EXERCISE BRIEF. How many lines below contain the word "fixes"? Answer with that number alone.

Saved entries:
(* Let $n\geq 1$ and let $\pi\in S_n$ be a 321-avoiding permutation. Let $A_\pi$ be the linear Nakayama algebra (with $n+1$ simple modules) associated to $\pi$. Then the number of indecomposable projective $A_\pi$-modules (up to isomorphism) of injective dimension exactly one equals the number of fixed points of $\pi$.
   Context: $K$ is a field. A linear Nakayama algebra with $m$ simple modules is a (connected) algebra $A=KQ/I$ with $Q$ the linearly oriented quiver $0\to 1\to\cdots\to m-1$ and $I$ an admissible ideal; modules are finite-dimensional right modules, $e_i$ are the primitive idempotents, $S_i$ the simple modules. The indecomposable projective $e_iA$ is uniserial with composition factors $S_i,S_{i+1},\dots,S_{i+c_i-1}$ (top to socle), where $c_i=\dim_K e_iA$; $A$ is determined up to isomorphism by its Kupisch series $[c_0,\dots,c_{m-1}]$, and every indecomposable module is isomorphic to $e_iA/e_iJ^k$ for some $i$ and $1\le k\le c_i$ ($J$ the Jacobson radical). To such $A$ with $m=n+1$ simple modules one associates the Dyck path $\mathcal D_A$ of semilength $n$ (the top boundary of its Auslander–Reiten quiver): the lattice path from $(0,0)$ to $(2n,0)$ whose vertex with first coordinate $x$ has height $h(x)=\max\{k-1 : 0\le i\le n,\ 1\le k\le c_i,\ 2i+k-1=2n-x\}$. This gives a bijection between isomorphism classes of linear Nakayama algebras with $n+1$ simple modules and Dyck paths of semilength $n$ (paths with steps $u=(1,1)$, $d=(1,-1)$ from $(0,0)$ to $(2n,0)$ never going below $y=0$). Billey–Jockusch–Stanley bijection: write a Dyck path of semilength $n$ as $u^{a_1}d^{d_1}u^{a_2}d^{d_2}\cdots u^{a_\ell}d^{d_\ell}$ with all $a_i,d_i\ge 1$; set $A_j=a_1+\dots+a_j$ and $D_j=d_1+\dots+d_j$ for $1\le j\le \ell-1$. Define $\pi(D_j)=A_j+1$ for $1\le j\le\ell-1$, and fill the remaining positions $[n]\setminus\{D_1,\dots,D_{\ell-1}\}$ in increasing order with the remaining values $[n]\setminus\{A_1+1,\dots,A_{\ell-1}+1\}$. This is a bijection from Dyck paths of semilength $n$ to 321-avoiding permutations of $[n]$ (permutations with no $i<j<k$ and $\pi(k)<\pi(j)<\pi(i)$). $A_\pi$ denotes the linear Nakayama algebra whose Dyck path $\mathcal D_{A_\pi}$ is mapped to $\pi$ by this bijection. *)

theory Defs
  imports "HOL-Combinatorics.Permutations"
begin

text \<open>A linear Nakayama algebra with m simple modules is encoded (up to isomorphism)
by its Kupisch series, a list c of length m with c!i = dim e_i A.
Connectedness and admissibility of the ideal amount to: the last entry is 1,
all other entries are at least 2, and c!(i+1) \<ge> c!i - 1.\<close>

definition kupisch :: "nat list \<Rightarrow> bool" where
  "kupisch c \<longleftrightarrow> c \<noteq> [] \<and> last c = 1 \<and>
     (\<forall>i. Suc i < length c \<longrightarrow> c!i \<ge> 2 \<and> c!(Suc i) + 1 \<ge> c!i)"

text \<open>Indecomposable modules e_iA/e_iJ^k are encoded as pairs (i,k), with composition
factors S_i,...,S_(i+k-1); k = 0 encodes the zero module.\<close>

definition ind_module :: "nat list \<Rightarrow> nat \<times> nat \<Rightarrow> bool" where
  "ind_module c M \<longleftrightarrow> fst M < length c \<and> 1 \<le> snd M \<and> snd M \<le> c ! fst M"

text \<open>The injective envelope I(s) of S_s is the longest uniserial module with socle S_s,
namely (i0, s - i0 + 1) where i0 is the least i with s \<le> i + c_i - 1.\<close>

definition inj_start :: "nat list \<Rightarrow> nat \<Rightarrow> nat" where
  "inj_start c s = (LEAST i. s < i + c ! i)"

definition is_injective :: "nat list \<Rightarrow> nat \<times> nat \<Rightarrow> bool" where
  "is_injective c M \<longleftrightarrow> 1 \<le> snd M \<and> inj_start c (fst M + snd M - 1) = fst M"

text \<open>Cosyzygy: cokernel of the injective envelope M \<rightarrow> I(soc M), i.e. I(s)/M.\<close>

definition cosyz :: "nat list \<Rightarrow> nat \<times> nat \<Rightarrow> nat \<times> nat" where
  "cosyz c M = (let i0 = inj_start c (fst M + snd M - 1) in (i0, fst M - i0))"

definition inj_dim_eq :: "nat list \<Rightarrow> nat \<times> nat \<Rightarrow> nat \<Rightarrow> bool" where
  "inj_dim_eq c M d \<longleftrightarrow>
     (\<forall>j<d. \<not> is_injective c ((cosyz c ^^ j) M)) \<and> is_injective c ((cosyz c ^^ d) M)"

definition dyck_height :: "nat list \<Rightarrow> nat \<Rightarrow> nat" where
  "dyck_height c x = (let n = length c - 1 in
     Max {k - 1 | i k. i \<le> n \<and> 1 \<le> k \<and> k \<le> c ! i \<and> 2*i + k - 1 = 2*n - x})"

definition up_step :: "nat list \<Rightarrow> nat \<Rightarrow> bool" where
  "up_step c x \<longleftrightarrow> dyck_height c (Suc x) = dyck_height c x + 1"

definition valleys :: "nat list \<Rightarrow> nat set" where
  "valleys c = {p. 0 < p \<and> p < 2 * (length c - 1) \<and> \<not> up_step c (p - 1) \<and> up_step c p}"

definition ups_before :: "nat list \<Rightarrow> nat \<Rightarrow> nat" where
  "ups_before c p = card {y. y < p \<and> up_step c y}"

definition downs_before :: "nat list \<Rightarrow> nat \<Rightarrow> nat" where
  "downs_before c p = card {y. y < p \<and> \<not> up_step c y}"

text \<open>Billey-Jockusch-Stanley: pi is the permutation of [n] associated to the Dyck path of c.\<close>

definition BJS_perm :: "nat list \<Rightarrow> (nat \<Rightarrow> nat) \<Rightarrow> bool" where
  "BJS_perm c \<pi> \<longleftrightarrow> (let n = length c - 1;
       Ds = downs_before c ` valleys c in
     \<pi> permutes {1..n} \<and>
     (\<forall>p \<in> valleys c. \<pi> (downs_before c p) = ups_before c p + 1) \<and>
     (\<forall>x y. x \<in> {1..n} - Ds \<longrightarrow> y \<in> {1..n} - Ds \<longrightarrow> x < y \<longrightarrow> \<pi> x < \<pi> y))"

definition avoids_321 :: "nat \<Rightarrow> (nat \<Rightarrow> nat) \<Rightarrow> bool" where
  "avoids_321 n \<pi> \<longleftrightarrow> \<not> (\<exists>i j k. 1 \<le> i \<and> i < j \<and> j < k \<and> k \<le> n \<and> \<pi> k < \<pi> j \<and> \<pi> j < \<pi> i)"

end

theory Submission
  imports Defs
begin

text \<open>Put f(j) = j + c_j, so that e_jA has socle S_(f(j) - 1), and call j < n a valley index
  if f(j) < f(j+1).  Computing injective envelopes, P_i has injective dimension one iff
  i > 0 and no valley index j satisfies j < i \<le> f(j).  On the Dyck path the valleys are
  indexed by the same j, with A_j + 1 = n - j and D_j = n + 1 - f(j); so \<pi> sends
  n + 1 - f(j) to n - j and is increasing elsewhere.  Such a permutation fixes exactly the
  points not lying under any arc [D_j, A_j + 1], and the reflection i \<mapsto> n + 1 - i
  identifies these with the projectives of injective dimension one.\<close>

section \<open>Permutations increasing off a set of arcs\<close>

lemma card_less_image_strict_mono_on:
  fixes f :: "'a::linorder \<Rightarrow> 'b::linorder"
  assumes "strict_mono_on S f" and "y \<in> S"
  shows "card {t \<in> f ` S. t < f y} = card {s \<in> S. s < y}"
proof -
  have "{t \<in> f ` S. t < f y} = f ` {s \<in> S. s < y}"
    using assms by (auto simp: strict_mono_on_less)
  moreover have "inj_on f {s \<in> S. s < y}"
    using strict_mono_on_imp_inj_on[OF assms(1)] by (rule inj_on_subset) auto
  ultimately show ?thesis by (simp add: card_image)
qed

lemma card_less_eq_imp_eq:
  fixes a b :: "'a::linorder"
  assumes "finite T" "a \<in> T" "b \<in> T" and "card {t \<in> T. t < a} = card {t \<in> T. t < b}"
  shows "a = b"
proof (rule ccontr)
  have less: "card {t \<in> T. t < u} < card {t \<in> T. t < v}" if "u \<in> T" "u < v" for u v
    using that \<open>finite T\<close> by (intro psubset_card_mono) auto
  assume "a \<noteq> b"
  then show False
    using less[of a b] less[of b a] assms by (cases a b rule: linorder_cases) auto
qed

lemma card_less_Diff_add:
  assumes "X \<subseteq> {1..n}" and "x \<le> Suc n"
  shows "card {s \<in> {1..n} - X. s < x} + card {e \<in> X. e < x} = x - 1"
proof -
  have "{s \<in> {1..n} - X. s < x} \<union> {e \<in> X. e < x} = {1..<x}"
    using assms by auto
  moreover have "finite {s \<in> {1..n} - X. s < x}" "finite {e \<in> X. e < x}"
    using assms by (auto intro: finite_subset[of _ "{1..n}"])
  ultimately show ?thesis
    by (metis (no_types, lifting) card_Un_disjoint card_atLeastLessThan disjoint_iff mem_Collect_eq Diff_iff)
qed

lemma uncovered_by_arcs_iff:
  fixes \<pi> :: "'a::linorder \<Rightarrow> 'a"
  assumes arcs: "\<And>e. e \<in> E \<Longrightarrow> e < \<pi> e" and "x \<notin> E"
  shows "\<not> (\<exists>e\<in>E. e \<le> x \<and> x \<le> \<pi> e) \<longleftrightarrow>
    x \<notin> \<pi> ` E \<and> {e \<in> E. \<pi> e < x} = {e \<in> E. e < x}"
proof
  assume uncovered: "\<not> (\<exists>e\<in>E. e \<le> x \<and> x \<le> \<pi> e)"
  have "x \<notin> \<pi> ` E"
    using uncovered arcs by (auto intro: less_imp_le)
  moreover have "{e \<in> E. \<pi> e < x} = {e \<in> E. e < x}"
    using uncovered arcs by (auto simp: not_le intro: less_trans)
  ultimately show "x \<notin> \<pi> ` E \<and> {e \<in> E. \<pi> e < x} = {e \<in> E. e < x}" ..
next
  assume "x \<notin> \<pi> ` E \<and> {e \<in> E. \<pi> e < x} = {e \<in> E. e < x}"
  then have below: "\<pi> e < x" if "e \<in> E" "e < x" for e
    using that by blast
  show "\<not> (\<exists>e\<in>E. e \<le> x \<and> x \<le> \<pi> e)"
  proof
    assume "\<exists>e\<in>E. e \<le> x \<and> x \<le> \<pi> e"
    then obtain e where e: "e \<in> E" "e \<le> x" "x \<le> \<pi> e"
      by blast
    then have "e < x"
      using \<open>x \<notin> E\<close> by (auto simp: le_less)
    with e below show False
      by (meson leD)
  qed
qed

RESPONSE. 4